We try to distract him, we’ll explain that it’s the dementia, we’ll tell him how sorry we are that it’s happening and it’ll stay with him for seconds and then he forgets what we just told him and he’s back to that horrible feeling that he’s loosing his mind….because he is. Sometimes distractions work and he’ll relax and enjoy the moment, but other times he wont let it go and we just tell him he’s asking the right guy.

Sometimes if he naps it helps to relax him and he'll have a better day afterwards.

Sometimes if he naps it helps to relax him and he’ll have a better day afterwards.

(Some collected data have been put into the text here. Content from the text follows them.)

lemma opt_time_and_optimal_control:
  assumes B: "dirichlet_eigenbasis \<Omega> \<xi> lam" and "1 \<le> k" "1 \<le> m"
    and abar: "\<forall>i\<in>{1..k}. abar i > 0"
    and uncontrolled: "\<forall>i\<in>{1..m}. k < i \<longrightarrow> l2_inner \<Omega> y0 (\<xi> i) = 0"
  defines "T \<equiv> \<lambda>i. min_null_time (lam i) (abar i) (l2_inner \<Omega> y0 (\<xi> i))"
  shows "opt_time \<Omega> \<Omega> \<xi> lam m k abar y0 = Max (T ` {1..min k m})"
    and "optimal_control \<Omega> \<Omega> \<xi> lam m k abar y0
           (bang_control {1..min k m} lam abar (\<lambda>i. l2_inner \<Omega> y0 (\<xi> i)))"
proof -
  define c where "c = (\<lambda>i. l2_inner \<Omega> y0 (\<xi> i))"
  define I where "I = {1..min k m}"
  define \<alpha> where "\<alpha> = bang_control I lam abar c"
  define t\<^sub>0 where "t\<^sub>0 = Max (T ` I)"
  have I: "finite I" "I \<noteq> {}" using assms(2,3) by (auto simp: I_def)
  have lam_abar: "lam i > 0" "abar i > 0" if "i \<in> I" for i
    using that abar dirichlet_eigenbasis_eigenvalue_pos[OF B, of i] by (auto simp: I_def)
  have T_le: "T i \<le> t\<^sub>0" if "i \<in> I" for i using I that by (simp add: t\<^sub>0_def)
  have "1 \<in> I" using assms(2,3) by (simp add: I_def)
  then have "0 \<le> T 1" "T 1 \<le> t\<^sub>0"
    using T_le min_null_time_nonneg[OF lam_abar] by (auto simp: T_def)
  then have "0 \<le> t\<^sub>0" by linarith
  moreover have reaches: "reaches_Sm \<Omega> \<Omega> \<xi> lam m k \<alpha> y0 t\<^sub>0"
    unfolding reaches_Sm_def
  proof
    fix i assume i: "i \<in> {1..m}"
    show "sol_coeff \<Omega> \<Omega> \<xi> lam k \<alpha> y0 i t\<^sub>0 = 0"
    proof (cases "i \<in> I")
      case True
      then have "(\<lambda>s. if i \<le> k then \<alpha> i s else 0) =
                 (\<lambda>s. if s \<le> T i then - (abar i * sgn (c i)) else 0)"
        by (auto simp: \<alpha>_def bang_control_def I_def T_def c_def)
      then show ?thesis
        using mode_sol_bang_control_eq_0[OF lam_abar[OF True], of "c i" t\<^sub>0] T_le[OF True] True
        by (simp add: sol_coeff_eq_mode_sol[OF B] I_def T_def c_def)
    next
      case False
      then show ?thesis
        using i uncontrolled by (simp add: sol_coeff_eq_mode_sol[OF B] I_def mode_sol_def)
    qed
  qed
  ultimately have reach: "t\<^sub>0 \<in> reach_times \<Omega> \<Omega> \<xi> lam m k abar y0"
    using admissible_bang_control[OF abar] by (auto simp: reach_times_def \<alpha>_def)
  have "t\<^sub>0 \<le> t" if t: "t \<in> reach_times \<Omega> \<Omega> \<xi> lam m k abar y0" for t
  proof -
    obtain \<beta> where \<beta>: "0 \<le> t" "admissible k abar \<beta>" "reaches_Sm \<Omega> \<Omega> \<xi> lam m k \<beta> y0 t"
      using t unfolding reach_times_def by auto
    have "T i \<le> t" if iI: "i \<in> I" for i
    proof -
      from iI have i: "i \<in> {1..k}" "i \<in> {1..m}" by (auto simp: I_def)
      have "sol_coeff \<Omega> \<Omega> \<xi> lam k \<beta> y0 i t = 0"
        using \<beta>(3) i by (simp add: reaches_Sm_def)
      then have "mode_sol (lam i) (c i) (\<beta> i) t = 0"
        using i by (simp add: sol_coeff_eq_mode_sol[OF B] c_def)
      moreover have "\<bar>\<beta> i s\<bar> \<le> abar i" if "s \<ge> 0" for s
        using \<beta>(2) i that by (simp add: admissible_def)
      ultimately show ?thesis
        unfolding T_def c_def using min_null_time_le_if_mode_sol_eq_0[OF lam_abar[OF iI] \<beta>(1)] by blast
    qed
    then show ?thesis using I by (simp add: t\<^sub>0_def)
  qed
  then have opt: "opt_time \<Omega> \<Omega> \<xi> lam m k abar y0 = t\<^sub>0"
    unfolding opt_time_def by (rule cInf_eq_minimum[OF reach])
  then show "opt_time \<Omega> \<Omega> \<xi> lam m k abar y0 = Max (T ` {1..min k m})"
    by (simp add: t\<^sub>0_def I_def)
  show "optimal_control \<Omega> \<Omega> \<xi> lam m k abar y0
          (bang_control {1..min k m} lam abar (\<lambda>i. l2_inner \<Omega> y0 (\<xi> i)))"
    using reach reaches opt admissible_bang_control[OF abar]
    unfolding optimal_control_def by (auto simp: \<alpha>_def c_def I_def)
qed

lemma not_AE_lebesgue_on_if_interval:
  fixes a b :: real
  assumes "0 \<le> a" "a < b" "\<And>x. x \<in> {a<..<b} \<Longrightarrow> \<not> P x"
  shows "\<not> (AE x in lebesgue_on {0<..<b}. P x)"
proof
  assume "AE x in lebesgue_on {0<..<b}. P x"
  then obtain N where N: "{x \<in> space (lebesgue_on {0<..<b}). \<not> P x} \<subseteq> N"
      "emeasure (lebesgue_on {0<..<b}) N = 0" "N \<in> sets (lebesgue_on {0<..<b})"
    by (rule AE_E)
  have "{a<..<b} \<subseteq> N" using N(1) assms by auto
  then have "emeasure (lebesgue_on {0<..<b}) {a<..<b} \<le> 0"
    using emeasure_mono[OF _ N(3)] N(2) by metis
  moreover have "emeasure (lebesgue_on {0<..<b}) {a<..<b} = ennreal (b - a)"
    using assms by (subst emeasure_restrict_space) auto
  ultimately show False using assms by simp
qed

theorem theorem2p2:
  fixes \<Omega> :: "'a::euclidean_space set"
    and \<xi> :: "nat \<Rightarrow> 'a \<Rightarrow> real" and lam :: "nat \<Rightarrow> real"
    and y0 :: "'a \<Rightarrow> real" and abar :: "nat \<Rightarrow> real" and m k :: nat
    and T :: "nat \<Rightarrow> real"
  assumes "open \<Omega>" and "connected \<Omega>" and "bounded \<Omega>" and "\<Omega> \<noteq> {}"
    and "dirichlet_eigenbasis \<Omega> \<xi> lam"
    and "m \<ge> 2" and "k \<ge> 1"
    and "L2 \<Omega> y0"
    and "\<exists>i\<in>{1..m}. l2_inner \<Omega> y0 (\<xi> i) \<noteq> 0"
    and "\<forall>i\<in>{1..k}. abar i > 0"
    and "\<And>i. T i = (1 / lam i) * ln (1 + (lam i / abar i) * \<bar>l2_inner \<Omega> y0 (\<xi> i)\<bar>)"
    and "(k \<ge> m \<and> (\<exists>i\<in>{1..m}. \<exists>j\<in>{1..m}. T i \<noteq> T j)) \<or>
         (k < m \<and> (\<forall>j\<in>{k+1..m}. l2_inner \<Omega> y0 (\<xi> j) = 0) \<and>
            (\<exists>i\<in>{1..k}. \<exists>j\<in>{1..k}. T i \<noteq> T j))"
  shows "\<not> bang_bang \<Omega> \<Omega> \<xi> lam m k abar y0"
proof -
  define I where "I = {1..min k m}"
  define \<alpha> where "\<alpha> = bang_control I lam abar (\<lambda>i. l2_inner \<Omega> y0 (\<xi> i))"
  have uncontrolled: "\<forall>i\<in>{1..m}. k < i \<longrightarrow> l2_inner \<Omega> y0 (\<xi> i) = 0"
    using assms(12) by auto
  have T: "T = (\<lambda>i. min_null_time (lam i) (abar i) (l2_inner \<Omega> y0 (\<xi> i)))"
    using assms(11) by (simp add: fun_eq_iff min_null_time_def)
  have opt_time: "opt_time \<Omega> \<Omega> \<xi> lam m k abar y0 = Max (T ` I)"
    and optimal: "optimal_control \<Omega> \<Omega> \<xi> lam m k abar y0 \<alpha>"
    using opt_time_and_optimal_control[OF assms(5,7) _ assms(10) uncontrolled, folded T] assms(6)
    by (simp_all add: I_def \<alpha>_def)
  have "\<exists>i\<in>I. \<exists>j\<in>I. T i \<noteq> T j"
    using assms(12) unfolding I_def by (cases "m \<le> k") (simp_all add: min_def)
  then obtain i j where ij: "i \<in> I" "j \<in> I" "T i \<noteq> T j" by blast
  then have "T i \<le> Max (T ` I)" "T j \<le> Max (T ` I)" by (simp_all add: I_def)
  then obtain i where i: "i \<in> I" "T i < Max (T ` I)" using ij by (metis less_le)
  have "abar i > 0" "lam i > 0"
    using i(1) assms(10) dirichlet_eigenbasis_eigenvalue_pos[OF assms(5)] by (auto simp: I_def)
  moreover from this have "0 \<le> T i" by (simp add: T min_null_time_nonneg)
  ultimately have "\<not> (AE t in lebesgue_on {0<..<Max (T ` I)}. \<bar>\<alpha> i t\<bar> = abar i)"
    using i by (intro not_AE_lebesgue_on_if_interval) (auto simp: \<alpha>_def bang_control_def T)
  moreover have "i \<in> {1..k}" using i(1) by (simp add: I_def)
  ultimately show ?thesis
    using optimal unfolding bang_bang_def opt_time by blast
qed

end
section \<open>Calibration of the logistic loss with respect to the Hamming loss\<close>

lemma ln_two_cosh_eq: "ln_two_cosh u = ln 2 + ln (cosh u)"
proof -
  have "exp u + exp (- u) > 0"
    by (simp add: add_pos_pos)
  then show ?thesis
    by (simp add: ln_two_cosh_def cosh_field_def ln_div)
qed

lemma ln_two_le_ln_two_cosh: "ln 2 \<le> ln_two_cosh u"
  using cosh_real_ge_1[of u] by (simp add: ln_two_cosh_eq)

lemma abs_le_ln_two_cosh: "\<bar>u\<bar> \<le> ln_two_cosh u"
proof -
  have "exp \<bar>u\<bar> \<le> exp u + exp (- u)"
    by (cases "u \<ge> 0") auto
  then show ?thesis
    unfolding ln_two_cosh_def by (subst ln_ge_iff) (auto simp: add_pos_pos)
qed

lemma ln_two_cosh_le: "ln_two_cosh u \<le> ln 2 + u\<^sup>2 / 2"
proof -
  \<comment> \<open>Hoeffding's lemma for the fair coin with values \<open>\<plusminus>a\<close> says \<open>ln (cosh a) \<le> a\<^sup>2 / 2\<close>.\<close>
  define a where "a = \<bar>u\<bar>"
  have "1 + 1 / 2 * (exp (2 * a) - 1) = exp a * cosh a"
    by (simp add: cosh_field_def field_simps exp_add[symmetric] mult_2)
  then have "- (2 * a) * (1 / 2) + ln (1 + 1 / 2 * (exp (2 * a) - 1)) = ln (cosh a)"
    by (simp add: ln_mult)
  moreover have "- (2 * a) * (1 / 2) + ln (1 + 1 / 2 * (exp (2 * a) - 1)) \<le> (2 * a)\<^sup>2 / 8"
    using Hoeffdings_lemma_aux[of "2 * a" "1 / 2"] by (simp add: a_def)
  ultimately show ?thesis
    by (simp add: ln_two_cosh_eq a_def power2_eq_square)
qed

lemma ln_two_cosh_excess:
  assumes "b * u \<le> 0"
  shows "b\<^sup>2 / 2 \<le> (ln_two_cosh u - b * u) - (ln_two_cosh b - b * b)"
  using ln_two_le_ln_two_cosh[of u] ln_two_cosh_le[of b] assms by (simp add: power2_eq_square)

lemma le_sq_div_add:
  fixes K t x :: real
  assumes "K > 0" "t > 0"
  shows "x \<le> K * x\<^sup>2 / (2 * t) + t / (2 * K)"
proof -
  have "0 \<le> (K * x - t)\<^sup>2"
    by simp
  then have "2 * K * t * x \<le> K\<^sup>2 * x\<^sup>2 + t\<^sup>2"
    by (simp add: power2_eq_square algebra_simps)
  then show ?thesis
    using assms by (simp add: field_simps power2_eq_square)
qed

lemma coord_calibration:
  fixes K L t m u :: real
  assumes K: "K > 0" and L: "L > 0" and t: "t > 0"
  defines "w \<equiv> if sgn01 u * m < 0 then m / L else u"
  shows "coord_log_risk L m w \<le> coord_log_risk L m u"
    and "(\<bar>m\<bar> - sgn01 u * m) / (2 * L)
           \<le> K * (coord_log_risk L m u - coord_log_risk L m w) / t + t / (2 * K)"
proof -
  let ?E = "(\<bar>m\<bar> - sgn01 u * m) / (2 * L)"
  let ?D = "coord_log_risk L m u - coord_log_risk L m w"
  have "0 \<le> ?D \<and> ?E \<le> K * ?D / t + t / (2 * K)"
  proof (cases "sgn01 u * m < 0")
    case True
    define b where "b = m / L"
    have "m * u \<le> 0"
      using True by (cases "u \<ge> 0") (auto simp: sgn01_def mult_nonpos_nonneg mult_nonneg_nonpos)
    then have "b * u \<le> 0"
      using L by (simp add: b_def divide_nonpos_pos)
    from ln_two_cosh_excess[OF this]
    have excess: "b\<^sup>2 / 2 \<le> ?D"
      using True by (simp add: w_def b_def coord_log_risk_def)
    have "?E = \<bar>b\<bar>"
      using True L by (cases "u \<ge> 0") (auto simp: sgn01_def b_def abs_div_pos)
    also have "\<dots> \<le> K * \<bar>b\<bar>\<^sup>2 / (2 * t) + t / (2 * K)"
      by (rule le_sq_div_add[OF K t])
    also have "K * \<bar>b\<bar>\<^sup>2 / (2 * t) = K * (b\<^sup>2 / 2) / t"
      by simp
    also have "\<dots> \<le> K * ?D / t"
      using excess K t by (intro divide_right_mono mult_left_mono) auto
    finally show ?thesis
      using excess zero_le_power2[of b] by linarith
  next
    case False
    then have "w = u" and "\<bar>m\<bar> = sgn01 u * m"
      using sgn01_cases[of u] by (auto simp: w_def)
    then show ?thesis
      using K t by simp
  qed
  then show "coord_log_risk L m w \<le> coord_log_risk L m u" and "?E \<le> K * ?D / t + t / (2 * K)"
    by auto
qed

definition sign_corrected :: "nat \<Rightarrow> (nat \<Rightarrow> real) \<Rightarrow> (nat \<Rightarrow> real) \<Rightarrow> nat \<Rightarrow> real" where
  "sign_corrected l m g i = (if sgn01 (g i) * m i < 0 then m i / real l else g i)"

lemma log_cond_risk_sign_corrected_le:
  assumes "l \<ge> 1"
  shows "log_cond_risk l m (sign_corrected l m g) \<le> log_cond_risk l m g"
  unfolding log_cond_risk_def sign_corrected_def
  using assms by (intro mult_left_mono sum_mono coord_calibration(1)[of 1 _ 1]) auto
theorem proposition2:
  fixes P B :: "'a set" and I :: "('a \<times> 'a) set"
    and G :: "('g, 'c) monoid_scheme" and \<Lambda> :: "'l set" and act :: "'g \<Rightarrow> 'l \<Rightarrow> 'l"
    and gain :: "'a \<Rightarrow> 'a \<Rightarrow> 'g" and k :: nat and u :: "nat \<Rightarrow> 'a"
  assumes "incidence_structure P B I"
    and "group G"
    and "group_action G \<Lambda> act"
    and "\<Lambda> \<noteq> {}"
    and "\<forall>(p, b) \<in> I. gain b p \<in> carrier G"
    and "k \<ge> 1"
    and "\<forall>i\<le>k. u i \<in> P \<union> B"
  shows "(is_chain P B I k u \<longleftrightarrow>
           (\<exists>lam. (\<forall>i\<le>k. lam i \<in> \<Lambda>) \<and>
              is_chain (M_points P B \<Lambda>) (M_lines P \<Lambda>) (M_inc P I \<Lambda> act gain) k (mlab B u lam))) \<and>
         (\<forall>lam. (\<forall>i\<le>k. lam i \<in> \<Lambda>) \<and>
              is_chain (M_points P B \<Lambda>) (M_lines P \<Lambda>) (M_inc P I \<Lambda> act gain) k (mlab B u lam)
            \<longrightarrow> lam k = act (walk_gain G B gain u k) (lam 0))"
proof -
  interpret gain_incidence_structure G \<Lambda> act P B I gain
    using assms(5) by (intro gain_incidence_structure.intro gain_incidence_structure_axioms.intro
        assms(1,3)) auto
  obtain l where "l \<in> \<Lambda>"
    using assms(4) by blast
  have "\<exists>lam. (\<forall>i\<le>k. lam i \<in> \<Lambda>) \<and>
      is_chain (M_points P B \<Lambda>) (M_lines P \<Lambda>) (M_inc P I \<Lambda> act gain) k (mlab B u lam)"
    if "is_chain P B I k u"
    using walk_labels_lift_chain[OF that \<open>l \<in> \<Lambda>\<close>]
    by (rule exI[of _ "\<lambda>i. act (walk_gain G B gain u i) l"])
  moreover note lifted_chain_projects[OF assms(7)]
  ultimately show ?thesis
    by blast
qed

end
(* Let $\Phi=(V,\mathcal C)$ be a $(k,d,s)$-CNF formula and $c^*$ a clause with $|\mathrm{vbl}(c^* )|=k$. Let $p\ge1$ satisfy $\frac kp+\frac{ps}2\le k$, and let $\widetilde{\mathcal C}=\{c\in\mathcal C: |\mathrm{vbl}(c)\cap\mathrm{vbl}(c^* )|\ge\frac kp+\frac{ps}2\}$. Then $|\widetilde{\mathcal C}|\le p$.
   Context: A $(k,d,s)$-CNF formula is a CNF formula in which every clause contains exactly $k$ distinct variables, every variable appears in at most $d$ clauses, and any two distinct clauses share at most $s$ variables. $\mathrm{vbl}(c)$ denotes the set of variables of clause $c$. *)

theory Defs
  imports Complex_Main
begin

text \<open>A literal is a pair (variable, polarity); a clause is a set of literals;
  a CNF formula is a pair (V, C) of a variable set and a set of clauses.\<close>

type_synonym 'v clause = "('v \<times> bool) set"

definition vbl :: "'v clause \<Rightarrow> 'v set" where
  "vbl c = fst ` c"

definition kds_CNF :: "nat \<Rightarrow> nat \<Rightarrow> nat \<Rightarrow> 'v set \<Rightarrow> 'v clause set \<Rightarrow> bool" where
  "kds_CNF k d s V C \<longleftrightarrow>
     finite V \<and> finite C \<and>
     (\<forall>c\<in>C. finite c \<and> vbl c \<subseteq> V \<and> card (vbl c) = k) \<and>
     (\<forall>x\<in>V. card {c\<in>C. x \<in> vbl c} \<le> d) \<and>
     (\<forall>c\<in>C. \<forall>c'\<in>C. c \<noteq> c' \<longrightarrow> card (vbl c \<inter> vbl c') \<le> s)"

end

theory Submission
  imports Defs
begin

text \<open>Suppose more than \<open>p\<close> clauses meet \<open>vbl c*\<close> in at least \<open>a = k/p + p s/2\<close> variables and
  pick \<open>t = \<lfloor>p\<rfloor> + 1\<close> of them. Their traces on \<open>vbl c*\<close> pairwise share at most \<open>s\<close> variables,
  so by the second Bonferroni inequality their union, a subset of the \<open>k\<close> variables of \<open>c*\<close>,
  has at least \<open>t a - s t (t - 1)/2 \<ge> t k/p > k\<close> elements, using \<open>t - 1 \<le> p < t\<close>.\<close>

lemma card_UN_ge_pairwise_overlap:
  fixes A :: "'c \<Rightarrow> 'v set" and a :: real and s :: nat
  assumes "finite S"
    and "\<forall>c\<in>S. finite (A c) \<and> a \<le> real (card (A c))"
    and "\<forall>c\<in>S. \<forall>c'\<in>S. c \<noteq> c' \<longrightarrow> card (A c \<inter> A c') \<le> s"
  shows "real (card S) * a - real s * real (card S) * (real (card S) - 1) / 2
           \<le> real (card (\<Union>(A ` S)))"
  using assms
proof (induction S rule: finite_induct)
  case empty
  then show ?case by simp
next
  case (insert x S)
  let ?U = "\<Union>(A ` S)" and ?n = "card S"
  have IH: "real ?n * a - real s * real ?n * (real ?n - 1) / 2 \<le> real (card ?U)"
    using insert by auto
  have "card (A x \<inter> ?U) \<le> (\<Sum>c\<in>S. card (A x \<inter> A c))"
    unfolding Int_UN_distrib by (rule card_UN_le[OF insert.hyps(1)])
  also have "\<dots> \<le> ?n * s"
    using sum_mono[of S "\<lambda>c. card (A x \<inter> A c)" "\<lambda>_. s"] insert by fastforce
  finally have overlap: "real (card (A x \<inter> ?U)) \<le> real ?n * real s"
    by (metis of_nat_le_iff of_nat_mult)
  have "card (A x \<union> ?U) + card (A x \<inter> ?U) = card (A x) + card ?U"
    using card_Un_Int[of "A x" ?U] insert by auto
  then have "real (card (A x \<union> ?U)) = real (card (A x)) + real (card ?U) - real (card (A x \<inter> ?U))"
    by (metis add_diff_cancel_right' of_nat_add)
  then have "a + (real ?n * a - real s * real ?n * (real ?n - 1) / 2) - real ?n * real s
      \<le> real (card (A x \<union> ?U))"
    using IH overlap insert by auto
  moreover have "card (insert x S) = ?n + 1"
    using insert by simp
  ultimately show ?case
    by (simp add: field_simps)
qed

lemma Bonferroni_bound_exceeds:
  fixes k p s t :: real
  assumes "0 < k" "0 < p" "0 \<le> s" "p < t" "t \<le> p + 1"
  shows "k < t * (k / p + p * s / 2) - s * t * (t - 1) / 2"
proof -
  have "k < t * (k / p)"
    using assms by (simp add: field_simps)
  also have "\<dots> \<le> t * (k / p) + s * t * (p - (t - 1)) / 2"
    using assms by simp
  also have "\<dots> = t * (k / p + p * s / 2) - s * t * (t - 1) / 2"
    by (simp add: field_simps)
  finally show ?thesis .
qed

lemma card_le_if_large_traces_small_overlaps:
  fixes A :: "'c \<Rightarrow> 'v set" and p :: real and s :: nat
  assumes "finite W" "card W > 0" "p > 0" "finite F"
    and large: "\<forall>c\<in>F. A c \<subseteq> W \<and> real (card W) / p + p * real s / 2 \<le> real (card (A c))"
    and small: "\<forall>c\<in>F. \<forall>c'\<in>F. c \<noteq> c' \<longrightarrow> card (A c \<inter> A c') \<le> s"
  shows "real (card F) \<le> p"
proof (rule ccontr)
  assume "\<not> real (card F) \<le> p"
  define t where "t = nat \<lfloor>p\<rfloor> + 1"
  have t: "p < real t" "real t \<le> p + 1"
    unfolding t_def using \<open>p > 0\<close> by linarith+
  then have "t \<le> card F"
    using \<open>\<not> real (card F) \<le> p\<close> unfolding t_def by linarith
  then obtain S where S: "S \<subseteq> F" "card S = t"
    by (meson obtain_subset_with_card_n)
  have "real t * (real (card W) / p + p * real s / 2) - real s * real t * (real t - 1) / 2
      \<le> real (card (\<Union>(A ` S)))"
    unfolding S(2)[symmetric]
    using S large small \<open>finite W\<close> \<open>finite F\<close>
    by (intro card_UN_ge_pairwise_overlap) (auto intro: finite_subset, blast)
  also have "\<dots> \<le> real (card W)"
    using S large \<open>finite W\<close> by (auto intro: card_mono)
  finally show False
    using Bonferroni_bound_exceeds[of "real (card W)" p "real s" "real t"] t assms(2,3)
    by linarith
qed

theorem corollary3p9:
  fixes V :: "'v set" and C :: "'v clause set" and cstar :: "'v clause"
    and k d s :: nat and p :: real
  assumes "kds_CNF k d s V C"
    and "finite (vbl cstar)" and "card (vbl cstar) = k"
    and "p \<ge> 1"
    and "real k / p + p * real s / 2 \<le> real k"
  shows "real (card {c\<in>C. real (card (vbl c \<inter> vbl cstar)) \<ge> real k / p + p * real s / 2}) \<le> p"
proof -
  define T where "T = {c\<in>C. real (card (vbl c \<inter> vbl cstar)) \<ge> real k / p + p * real s / 2}"
  have C: "finite C" "\<forall>c\<in>C. finite c \<and> card (vbl c) = k"
    "\<forall>c\<in>C. \<forall>c'\<in>C. c \<noteq> c' \<longrightarrow> card (vbl c \<inter> vbl c') \<le> s"
    using assms(1) unfolding kds_CNF_def by auto
  show ?thesis
  proof (cases "k = 0")
    case True
    then have "T \<subseteq> {{}}"
      using C(2) by (auto simp: T_def vbl_def)
    then have "card T \<le> 1"
      using card_mono[of "{{}}" T] by simp
    then show ?thesis
      using assms(4) unfolding T_def by linarith
  next
    case False
    have "card ((vbl c \<inter> vbl cstar) \<inter> (vbl c' \<inter> vbl cstar)) \<le> s"
      if "c \<in> T" "c' \<in> T" "c \<noteq> c'" for c c'
    proof -
      have "finite (vbl c)"
        using that C(2) unfolding T_def vbl_def by auto
      then have "card ((vbl c \<inter> vbl cstar) \<inter> (vbl c' \<inter> vbl cstar)) \<le> card (vbl c \<inter> vbl c')"
        by (intro card_mono) auto
      then show ?thesis
        using that C(3) unfolding T_def by fastforce
    qed
    then show ?thesis
      using assms(2-4) False C(1) unfolding T_def
      by (intro card_le_if_large_traces_small_overlaps
            [where W = "vbl cstar" and A = "\<lambda>c. vbl c \<inter> vbl cstar" and s = s]) auto
  qed
qed

end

I’ve heard people say, dementia is a difficult disease but to see a loved one, day in and day out struggle so hard trying to figure out what is happening, is a whole other beast of burden. A couple of weeks ago dad was going through a particularly rough time, unable make eye contact, he was pleading in desperation for help to understand what was happening, engulfed in his own world of dispare there was no connecting with him. Heart broken and feeling helpless I said the one thing I would never want to happen. Sitting on a little stool next to him in his chair I said “Dad, I’m okay if you need to go to the next stage of this disease and forget that I’m you daughter, if it helps you to not feel lost anymore.” After I said it out loud I began crying so hard my shoulders were doing the up and down shake as I gasped for air, my face drenched in tears and red splotches I let all my sadness out. I was mourning the loss of my dad as I’ve always known him to be and trying to make myself accept how things are now. To my astonishment he stops repeating his cycle of words, turns and looks directly at me with sympathy and attentiveness and says, “What’s wrong baby girl?”  He placed one hand on the top of my head and ran it over my hair down to the side of my cheek and then cuped my face with both hands. So beyond grateful for this moment, I desprately tried to utter my feelings as my sobbing is now uncontrollable. Through gasps, I say, “I just miss you already, this sucks! I’m so sorry this is happening. I love you! Thank you for being here with me in this moment. I needed you, and you came back to me! I love you.”  He pulls my head to him, gives me a huge love hug and says, “It’ll all work out baby girl, it’s ok. I love you.”  Seconds later he was back to trying to figure out what was happening, but I had just experience the true endurance of love, a precious gift of a moment in time that will give me everlasting joy and help me get through the tough times to come.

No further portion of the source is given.